I’ve been to St Kilda twice. Once in December, 2016 and once in April, 2018. I don’t know how I missed Sister of Soul in 2016 but I made up for it in 2018 – eating there five times in five days.
Sister of Soul is a vegetarian/vegan restaurant with a soul. Food scraps and coffee grinds go to the local community garden, where they also have a plot and grow their own food. Other food ingredients are ethically sourced and their menu includes gluten-free, raw, no garlic and no onion options.
They are open seven days a week for breakfast, lunch and dinner and everything in between.
The first night I was carb loading for Challenge Melbourne so I had the gnocchi with almond feta.
Gramm Magazine have done a write up of the gnocchi including a recipe if you feel like making it yourself. I also had a bowl of edamame. Because, edamame!
I really wanted the chocolate tart but I was too full, so I promised myself that I’d go back after the race to test it out. I started thinking of that chocolate tart when I was on the 90km bike leg, and continued thinking about it during the half marathon.
And it lived up to expectations. It had a crumbly, melt-in-your-mouth base, with a smooth creamy chocolate and sour cherry filling, served with roast hazelnuts and a coffee cream.
The next day I went for breakfast. I’m use to cafes opening at 6am for breakfast on the Gold Coast. The kitchen here opens at 8am, but that doesn’t seem unusual for Melbourne. It was still dark and cold and foggy on this April morning when I went. Not like the bright, blue sunny skies of Queensland.
There were so many choices – did I want sweet pancakes or brioche toast, or something savoury like scrambled tofu, smashed pumpkin or smashed avo, or a lighter smoothie bowl option? I went for the big breakfast – marinated tofu, roast mushrooms, avocado, tomato kasundi, potato rosti, spinach and sourdough. And I wasn’t disappointed. An array of flavours and textures to tempt the taste buds.
And then I found myself there again for dinner, just because there were so many dishes to try and only one stomach to fill. I was looking at the menu before I went and had pretty much settled on the rawsagne, although I was tempted by curries, stir-frys and burgers.
Once I got there I couldn’t go past the gyozas. They are definitely a favourite of mine and these ones didn’t disappoint. And then as I was giving my order to the waiter the words ‘nasi goreng’ came out instead of rawsagne, so I had the nasi goreng instead.
And to top off the dinner I ordered the banoffee. It was a little bit unexpected. I’m use to banoffee being a biscuit base then layers of toffee and banana (hence the name). This one was a deconstructed banoffee with a coconut foam, that was super light and airy. The flavours were amazing with the toffee flavour coming through in some syrupy goodness.

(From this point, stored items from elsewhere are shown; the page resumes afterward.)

text \<open>The value at \<open>x\<close> solving \<open>s x + \<Delta>g x = 1\<close> with \<open>g\<close> fixed off \<open>x\<close>, clamped to
\<open>[0, k]\<close>; at a vertex of degree \<open>0\<close> it is \<open>0\<close>, since \<open>t / 0 = 0\<close>.\<close>
definition odometer_step ::
    "('v \<Rightarrow> 'v \<Rightarrow> bool) \<Rightarrow> real \<Rightarrow> ('v \<Rightarrow> real) \<Rightarrow> ('v \<Rightarrow> real) \<Rightarrow> 'v \<Rightarrow> real" where
  "odometer_step E k s g x =
     min k (max 0 ((s x - 1 + (\<Sum>y\<in>neighbours E x. g y)) / real (card (neighbours E x))))"

definition odometer_approx ::
    "('v \<Rightarrow> 'v \<Rightarrow> bool) \<Rightarrow> real \<Rightarrow> ('v \<Rightarrow> real) \<Rightarrow> nat \<Rightarrow> 'v \<Rightarrow> real" where
  "odometer_approx E k s n = (odometer_step E k s ^^ n) (\<lambda>_. 0)"

definition truncated_odometer :: "('v \<Rightarrow> 'v \<Rightarrow> bool) \<Rightarrow> real \<Rightarrow> ('v \<Rightarrow> real) \<Rightarrow> 'v \<Rightarrow> real" where
  "truncated_odometer E k s x = lim (\<lambda>n. odometer_approx E k s n x)"

lemma odometer_approx_0: "odometer_approx E k s 0 = (\<lambda>_. 0)"
  by (simp add: odometer_approx_def)

lemma odometer_approx_Suc:
  "odometer_approx E k s (Suc n) = odometer_step E k s (odometer_approx E k s n)"
  by (simp add: odometer_approx_def)

lemma odometer_step_mono:
  assumes "\<And>y. g y \<le> g' y"
  shows "odometer_step E k s g x \<le> odometer_step E k s g' x"
proof -
  have "(\<Sum>y\<in>neighbours E x. g y) \<le> (\<Sum>y\<in>neighbours E x. g' y)"
    by (rule sum_mono) (use assms in auto)
  then have "(s x - 1 + (\<Sum>y\<in>neighbours E x. g y)) / real (card (neighbours E x))
      \<le> (s x - 1 + (\<Sum>y\<in>neighbours E x. g' y)) / real (card (neighbours E x))"
    by (intro divide_right_mono) auto
  then show ?thesis
    unfolding odometer_step_def by linarith
qed

lemma odometer_step_bounds:
  "0 \<le> k \<Longrightarrow> 0 \<le> odometer_step E k s g x \<and> odometer_step E k s g x \<le> k"
  unfolding odometer_step_def by simp

lemma odometer_approx_bounds:
  "0 \<le> k \<Longrightarrow> 0 \<le> odometer_approx E k s n x \<and> odometer_approx E k s n x \<le> k"
  by (cases n) (auto simp: odometer_approx_0 odometer_approx_Suc odometer_step_bounds)

lemma incseq_odometer_approx:
  assumes "0 \<le> k"
  shows "incseq (\<lambda>n. odometer_approx E k s n x)"
proof -
  have "odometer_approx E k s n x \<le> odometer_approx E k s (Suc n) x" for n x
  proof (induction n arbitrary: x)
    case 0
    show ?case
      using odometer_step_bounds[OF assms, of E s "\<lambda>_. 0" x]
      by (simp add: odometer_approx_0 odometer_approx_Suc)
  next
    case (Suc n)
    show ?case
      unfolding odometer_approx_Suc[of E k s "Suc n"] odometer_approx_Suc[of E k s n]
      by (rule odometer_step_mono) (use Suc in \<open>simp add: odometer_approx_Suc\<close>)
  qed
  then show ?thesis
    by (intro incseq_SucI)
qed

lemma odometer_approx_tendsto:
  assumes "0 \<le> k"
  shows "(\<lambda>n. odometer_approx E k s n x) \<longlonglongrightarrow> truncated_odometer E k s x"
proof -
  have "Bseq (\<lambda>n. odometer_approx E k s n x)"
    using odometer_approx_bounds[OF assms, of E s _ x] assms
    by (intro BseqI'[where K = k]) (simp add: abs_le_iff)
  then have "convergent (\<lambda>n. odometer_approx E k s n x)"
    by (rule Bseq_monoseq_convergent[OF _ incseq_imp_monoseq[OF incseq_odometer_approx[OF assms]]])
  then show ?thesis
    unfolding truncated_odometer_def by (simp add: convergent_LIMSEQ_iff)
qed

lemma truncated_odometer_bounds:
  assumes "0 \<le> k"
  shows "0 \<le> truncated_odometer E k s x \<and> truncated_odometer E k s x \<le> k"
  using odometer_approx_bounds[OF assms, of E s _ x]
  by (intro conjI LIMSEQ_le_const[OF odometer_approx_tendsto[OF assms]]
      LIMSEQ_le_const2[OF odometer_approx_tendsto[OF assms]]) blast+

lemma abs_truncated_odometer_le: "0 \<le> k \<Longrightarrow> \<bar>truncated_odometer E k s x\<bar> \<le> k"
  using truncated_odometer_bounds[of k E s x] by simp

lemma truncated_odometer_fixpoint:
  assumes "0 \<le> k"
  shows "odometer_step E k s (truncated_odometer E k s) x = truncated_odometer E k s x"
proof -
  have "(\<lambda>n. odometer_step E k s (odometer_approx E k s n) x)
      \<longlonglongrightarrow> odometer_step E k s (truncated_odometer E k s) x"
    unfolding odometer_step_def divide_inverse
    by (intro tendsto_intros odometer_approx_tendsto[OF assms])
  moreover have "(\<lambda>n. odometer_step E k s (odometer_approx E k s n) x)
      \<longlonglongrightarrow> truncated_odometer E k s x"
    using LIMSEQ_Suc[OF odometer_approx_tendsto[OF assms]] by (simp only: odometer_approx_Suc)
  ultimately show ?thesis
    using LIMSEQ_unique by blast
qed

lemma truncated_odometer_least:
  assumes "0 \<le> k" "\<And>y. 0 \<le> g y" "\<And>y. odometer_step E k s g y \<le> g y"
  shows "truncated_odometer E k s x \<le> g x"
proof -
  have "odometer_approx E k s n y \<le> g y" for n y
  proof (induction n arbitrary: y)
    case 0
    then show ?case
      using assms(2) by (simp add: odometer_approx_0)
  next
    case (Suc n)
    then show ?case
      unfolding odometer_approx_Suc
      using odometer_step_mono[of "odometer_approx E k s n" g] assms(3) order_trans by blast
  qed
  then show ?thesis
    by (intro LIMSEQ_le_const2[OF odometer_approx_tendsto[OF assms(1)]]) auto
qed

lemma laplacian_neighbours:
  "laplacian E u x = (\<Sum>y\<in>neighbours E x. u y) - real (card (neighbours E x)) * u x"
  unfolding laplacian_def neighbours_def by (simp add: sum_subtractf)

lemma truncated_odometer_le_stabilizer:
  assumes "0 \<le> k" and f_nonneg: "\<And>x. 0 \<le> f x" and f_stab: "\<And>x. s x + laplacian E f x \<le> 1"
  shows "truncated_odometer E k s x \<le> f x"
proof -
  have "truncated_odometer E k s x \<le> min (f x) k"
  proof (rule truncated_odometer_least[OF assms(1)])
    show "0 \<le> min (f y) k" for y
      using assms(1) f_nonneg by simp
    show "odometer_step E k s (\<lambda>x. min (f x) k) y \<le> min (f y) k" for y
    proof -
      let ?d = "real (card (neighbours E y))"
      have capped: "(\<Sum>z\<in>neighbours E y. min (f z) k) \<le> (\<Sum>z\<in>neighbours E y. f z)"
        by (rule sum_mono) simp
      have superharmonic: "s y - 1 + (\<Sum>z\<in>neighbours E y. f z) \<le> ?d * f y"
        using f_stab[of y] unfolding laplacian_neighbours by linarith
      have "(s y - 1 + (\<Sum>z\<in>neighbours E y. min (f z) k)) / ?d \<le> f y"
      proof (cases "?d = 0")
        case False
        then show ?thesis
          using capped superharmonic by (simp add: divide_le_eq mult.commute)
      qed (use f_nonneg in simp)
      then show ?thesis
        unfolding odometer_step_def using f_nonneg[of y] by linarith
    qed
  qed
  then show ?thesis
    by simp
qed

lemma laplacian_truncated_odometer_le:
  assumes "0 \<le> k" and "finite (neighbours E x)" and "neighbours E x \<noteq> {}"
  shows "laplacian E (truncated_odometer E k s) x
      \<le> (if truncated_odometer E k s x < k then 1 - s x else 0)"
proof -
  let ?h = "truncated_odometer E k s" and ?d = "real (card (neighbours E x))"
  have d_pos: "?d > 0"
    using assms(2,3) by (simp add: card_gt_0_iff)
  show ?thesis
  proof (cases "?h x < k")
    case True
    then have "(s x - 1 + (\<Sum>y\<in>neighbours E x. ?h y)) / ?d \<le> ?h x"
      using truncated_odometer_fixpoint[OF assms(1), of E s x] unfolding odometer_step_def by linarith
    then have "s x - 1 + (\<Sum>y\<in>neighbours E x. ?h y) \<le> ?d * ?h x"
      using d_pos by (simp add: divide_le_eq mult.commute)
    then show ?thesis
      using True unfolding laplacian_neighbours by simp
  next
    case False
    then have "?h x = k"
      using truncated_odometer_bounds[OF assms(1)] by (meson antisym not_less)
    moreover have "(\<Sum>y\<in>neighbours E x. ?h y) \<le> (\<Sum>y\<in>neighbours E x. k)"
      by (rule sum_mono) (simp add: truncated_odometer_bounds[OF assms(1)])
    ultimately show ?thesis
      using False unfolding laplacian_neighbours by simp
  qed
qed
lemma has_bochner_integral_channel_energy:
  "has_bochner_integral \<Omega> (\<lambda>w. (norm (col k (H w)))\<^sup>2) (real CARD('m) * \<beta> k)"
proof -
  have "has_bochner_integral \<Omega> (\<lambda>w. \<Sum>a\<in>UNIV. Re (H w$a$k * cnj (H w$a$k)))
          (\<Sum>a\<in>(UNIV::'m set). Re (complex_of_real (\<beta> k)))"
    by (intro has_bochner_integral_sum has_bochner_integral_Re H_second_moment)
  moreover have "(norm (col k (H w)))\<^sup>2 = (\<Sum>a\<in>UNIV. Re (H w$a$k * cnj (H w$a$k)))" for w
    by (simp add: norm_vec_def L2_set_def sum_nonneg col_def complex_norm_square[symmetric]
        del: of_real_power)
  ultimately show ?thesis by simp
qed

subsection \<open>The optimal combiner in closed form\<close>

definition Wbar :: "'k \<Rightarrow> 't + 'd \<Rightarrow> complex" where
  "Wbar i j = W$i$j * err_mean i j"

definition col_noise :: "'t + 'd \<Rightarrow> real" where
  "col_noise j = (case j of Inl _ \<Rightarrow> N0 | Inr _ \<Rightarrow> DeltaSX PD \<beta> BER + N0)"

definition rho :: real where
  "rho = rhoDA CARD('t) CARD('d) PT PD N0 \<beta> BER k"

definition gain :: real where
  "gain = \<beta> k / (1 + rho * \<beta> k)"

text \<open>\<open>Gmat\<close> is \<open>P + N0 I\<close> written out entrywise (\<open>Pmat_plus_noise_eq_Gmat\<close>).\<close>

definition Gmat :: "complex^('t + 'd)^('t + 'd)" where
  "Gmat = (\<chi> l j. (\<Sum>i\<in>UNIV. complex_of_real (\<beta> i) * cnj (W$i$l) * W$i$j * err_moment i l j)
                  + (if l = j then complex_of_real N0 else 0))"

definition target :: "complex^('t + 'd)" where
  "target = (\<chi> j. complex_of_real (\<beta> k) * cnj (Wbar k j))"

definition comb_closed_form :: "complex^('t + 'd)" where
  "comb_closed_form = (\<chi> j. complex_of_real (gain / col_noise j) * cnj (Wbar k j))"

lemma DeltaSX_nonneg: "0 \<le> DeltaSX PD \<beta> BER"
proof -
  have "0 \<le> \<beta> i * (1 - (1 - 2 * BER i)\<^sup>2)" for i
  proof -
    have "0 \<le> BER i * (1 - BER i)" using BER[of i] by simp
    then have "(1 - 2 * BER i)\<^sup>2 \<le> 1" by (simp add: power2_eq_square algebra_simps)
    then show ?thesis using beta[of i] by simp
  qed
  then show ?thesis unfolding DeltaSX_def using PD by (simp add: sum_nonneg)
qed

lemma col_noise_pos: "col_noise j > 0"
  using N0 DeltaSX_nonneg by (cases j) (auto simp: col_noise_def)

lemma rho_nonneg: "0 \<le> rho"
  unfolding rho_def rhoDA_def using N0 PT PD DeltaSX_nonneg
  by (intro add_nonneg_nonneg divide_nonneg_pos mult_nonneg_nonneg) auto

lemma one_plus_rho_beta_pos: "0 < 1 + rho * \<beta> k"
  using rho_nonneg beta[of k] by (simp add: add_pos_nonneg)
lemma dk_le_matching:
  fixes xs ys :: "'a::{finite, metric_space} list"
  shows "dk (mset xs) (mset ys) \<le> (\<Sum>i<length xs. dist (xs ! i) (ys ! i))"
  unfolding dk_def by (rule Min_le[OF finite_matching_costs]) auto

lemma dk_obtain_matching:
  fixes U V :: "'a::{finite, metric_space} multiset"
  obtains xs ys where "mset xs = U" "mset ys = V" "dk U V = (\<Sum>i<size U. dist (xs ! i) (ys ! i))"
proof -
  obtain xs ys where "mset xs = U" "mset ys = V" using ex_mset by metis
  then have "{(\<Sum>i<size U. dist (xs ! i) (ys ! i)) | xs ys. mset xs = U \<and> mset ys = V} \<noteq> {}" by blast
  from Min_in[OF finite_matching_costs this] show thesis using that unfolding dk_def by blast
qed

lemma dk_le_permuted_matching:
  fixes xs ys :: "'a::{finite, metric_space} list"
  assumes "length xs = k" "length ys = k" "bij_betw \<sigma> {..<k} {..<k}"
  shows "dk (mset xs) (mset ys) \<le> (\<Sum>i<k. dist (xs ! i) (ys ! \<sigma> i))"
proof -
  define zs where "zs = map (\<lambda>i. ys ! \<sigma> i) [0..<k]"
  have "mset zs = image_mset (nth ys) (image_mset \<sigma> (mset_set {..<k}))"
    unfolding zs_def by (simp add: image_mset.compositionality comp_def atLeast0LessThan)
  also have "image_mset \<sigma> (mset_set {..<k}) = mset_set {..<k}"
    using assms(3) by (simp add: image_mset_mset_set bij_betw_def)
  also have "image_mset (nth ys) (mset_set {..<k}) = mset ys"
    using assms(2) by (metis map_nth mset_map mset_upt atLeast0LessThan)
  finally have "mset zs = mset ys" .
  moreover have "dk (mset xs) (mset zs) \<le> (\<Sum>i<k. dist (xs ! i) (ys ! \<sigma> i))"
    using dk_le_matching[of xs zs] assms(1) by (simp add: zs_def)
  ultimately show ?thesis by simp
qed

definition matching_coupling :: "'a list \<Rightarrow> 'a list \<Rightarrow> ('a \<times> 'a) pmf" where
  "matching_coupling xs ys = map_pmf (\<lambda>i. (xs ! i, ys ! i)) (pmf_of_set {..<length xs})"

lemma map_nth_pmf_of_set:
  assumes "xs \<noteq> []"
  shows "map_pmf (nth xs) (pmf_of_set {..<length xs}) = pmf_of_multiset (mset xs)"
proof -
  have "map_pmf (nth xs) (pmf_of_set {..<length xs}) = pmf_of_multiset (image_mset (nth xs) (mset_set {..<length xs}))"
    using assms by (intro map_pmf_of_set) auto
  also have "image_mset (nth xs) (mset_set {..<length xs}) = mset xs"
    by (metis map_nth mset_map mset_upt atLeast0LessThan)
  finally show ?thesis .
qed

I was planning for that to be my last meal at Sister of Soul, but the next morning there was time between my walk and when I had to catch the bus to the airport to fit in one more visit. I went back for my morning coffee. I’m no coffee connoisseur, I just enjoy coffee. And I knew this one was going to be good because the morning was cool and the mug was made of pottery and and had no handles. It was just made for hugging. Regardless of the flavour of the coffee, the feeling I got from that coffee was comforting.
And I ordered the French toast. I always think French toast for breakfast is a risk, because I don’t like anything too sweet for breakfast and French toast has a tendency of being too sweet for me. But this one wasn’t. It came with a scoop of pistachio and fig gelato, fruits and not-honeycomb.
Overall, I can’t fault Sister of Soul. It’s a busy place, and even on a Monday night there was a waitlist. They have an inexpensive smoothie, wine and beer list too, as well as a variety of hot beverages like chai lattes, mushroom lattes and carrot lattes with their homemade nut milks.
I may just have to do Challenge Melbourne again just to try out the rest of the Sister of Soul menu.